I don't quite understand if TorchScript is officially supported by AMP package. If it does, can you please provide some examples? From what I understand, it can only work in the "tracing" mode, but that will significantly limit code flexibility.

Pitch

Officially support CuDNN with projections, as it is quite important for speech recognition models. It shouldn't be too big of a change, given that regular CuDNN implementation is already integrated in PyTorch and it just needs to be extended to support case of projection models.

Alternatives

Since there are 2 reasons for integrating projection models, there also different alternatives that I considered. For the speed issue, basically the only choice right now is to use JIT. It's not too slow to be unusable, but having code run 2x faster is definitely a big advantage.

For the AMP integration, as far as I understand I have 2 options. First, I can use tracing, but that limits code flexibility. Second, I can implement AMP functionality by hand, by manually casting tensors in JIT modules to half precision and manually handling gradient scaling/second weights copy in optimizer. This seems like a lot of coding and I will need to do proper tests to make sure I don't cast some unsafe operations to fp16. Please let me know if there are any other simpler options to use AMP with TorchScript.

Additional context

I'm aware of the official PyTorch position on supporting custom LSTM modifications via JIT and TorchScript: #9572. But given that projections models are already supported on the CuDNN side and their importance for speech recognition, I think it might make sense to make an exception for this special case. Especially, if this does not involve a lot of code modifications.
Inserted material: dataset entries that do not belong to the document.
theorem lemma3:
  fixes n :: nat and c :: real
  assumes "n \<ge> 2" and "c > 0"
  shows "\<not> (\<exists>hs. anonymous n c hs \<and> feasible n c hs \<and> welfare_dominates n c hs (vcg_h n c))"
proof
  assume "\<exists>hs. anonymous n c hs \<and> feasible n c hs \<and> welfare_dominates n c hs (vcg_h n c)"
  then obtain hs h where sym: "symmetric_on n c h" and common: "\<forall>i<n. hs i = h"
    and feasible: "feasible n c hs" and dominates: "welfare_dominates n c hs (vcg_h n c)"
    unfolding anonymous_def by blast
  define g where "g xs = h xs - vcg_h n c 0 xs" for xs
  define m where "m = n - 1"
  have n: "n = Suc m" and "m \<noteq> 0"
    using assms(1) unfolding m_def by auto
  have surplus: "total_tax n c hs t - total_tax n c (vcg_h n c) t = (\<Sum>i<n. g (others t i))" for t
    unfolding g_def by (rule total_tax_minus_vcg[OF common])
  have balanced: "(\<Sum>i<n. g (others t i)) = 0"
    if t: "t \<in> type_space n c"
      and "(\<forall>i<n. sum_list (others t i) \<le> others_cost n c) \<or> (\<forall>i<n. sum_list (others t i) \<ge> others_cost n c)" for t
  proof -
    have "total_tax n c (vcg_h n c) t = 0"
      using vcg_budget_balanced[OF _ assms(1) that(2)] t by (simp add: type_space_def)
    moreover have "total_tax n c hs t \<le> 0" and "total_tax n c (vcg_h n c) t \<le> total_tax n c hs t"
      using feasible dominates t unfolding feasible_def welfare_dominates_def by blast+
    ultimately show ?thesis
      using surplus[of t] by simp
  qed
  have g_symmetric: "symmetric_on (Suc m) c g"
    using symmetric_on_minus_vcg[OF sym] n unfolding g_def by simp
  have g_zero: "g (others t i) = 0" if "t \<in> type_space n c" "i < n" for t i
  proof -
    have reduced: "length (others t i) = m" "set (others t i) \<subseteq> {0..c}" "others t i \<noteq> []"
      using that length_others[of i t] set_others[of t i] n \<open>m \<noteq> 0\<close> by (auto simp: type_space_def)
    show ?thesis
    proof (cases "sum_list (others t i) \<le> others_cost n c")
      case True
      then show ?thesis
        using vanish_below_level[OF g_symmetric _ reduced(1,2) True reduced(3)] balanced n by blast
    next
      case False
      then have "sum_list (others t i) \<ge> others_cost n c" by simp
      then show ?thesis
        using vanish_above_level[OF g_symmetric _ reduced(1,2) _ reduced(3)] balanced n by blast
    qed
  qed
  obtain t where "t \<in> type_space n c" and "total_tax n c (vcg_h n c) t < total_tax n c hs t"
    using dominates unfolding welfare_dominates_def by blast
  then show False
    using surplus[of t] g_zero by simp
qed

end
cc @ngimel @csarofeen @ptrblck @zou3519

The text was updated successfully, but these errors were encountered:

Kipok · 2020-10-20T00:14:59Z

Any feedback on this proposal?

Kipok · 2020-10-29T18:03:51Z

Actually, I ended up implementing this myself. You can see the draft of the code here: https://github.com/Kipok/pytorch/tree/cudnn_projections (based on 1.6 tag). There is almost 2x speed up for bidirectional LSTM models when sequence length is large over the JIT-based implementation. If it is to be merged, I will need to clean it up (currently some cases, e.g. when there are no biases are broken, because I didn't need that support for testing). But the question now is -- do you want to take these change upstream and officially support them?

gchanan · 2020-11-02T18:21:49Z

@ngimel

zou3519 · 2020-11-02T20:00:53Z

I'm in favor of upstreaming into our nn.LSTM API, the paper has been around for a while, has a good number of citations, and I'm not sure when we will get better TorchScript support for custom LSTMs (cc @suo).

I'm not very familiar with AMP -- does nn.LSTM support AMP / will the cudnn projection lstm kernel support AMP?

ngimel · 2020-11-02T20:02:45Z

Thank you, we'll accept a PR enabling this. To land it, we'll need to

error out or support projection on cpu/on gpu w/o cudnn
support with and without bias cases
have comprehensive tests
update documentation to describe projection option

ngimel · 2020-11-02T20:22:09Z

cc @mcarilli for expert opinion on amp question. nn.LSTM supports amp in a sense that it will convert inputs to lstm to fp16 in autocast regions (because it is expected to be stable and more performant with fp16). cudnn with projection should work with fp16 also.

Kipok · 2020-11-04T22:10:47Z

Thanks for your feedback, it's great that you're willing to accept this! I am starting to work on cleaning-up my code and I have a few design questions.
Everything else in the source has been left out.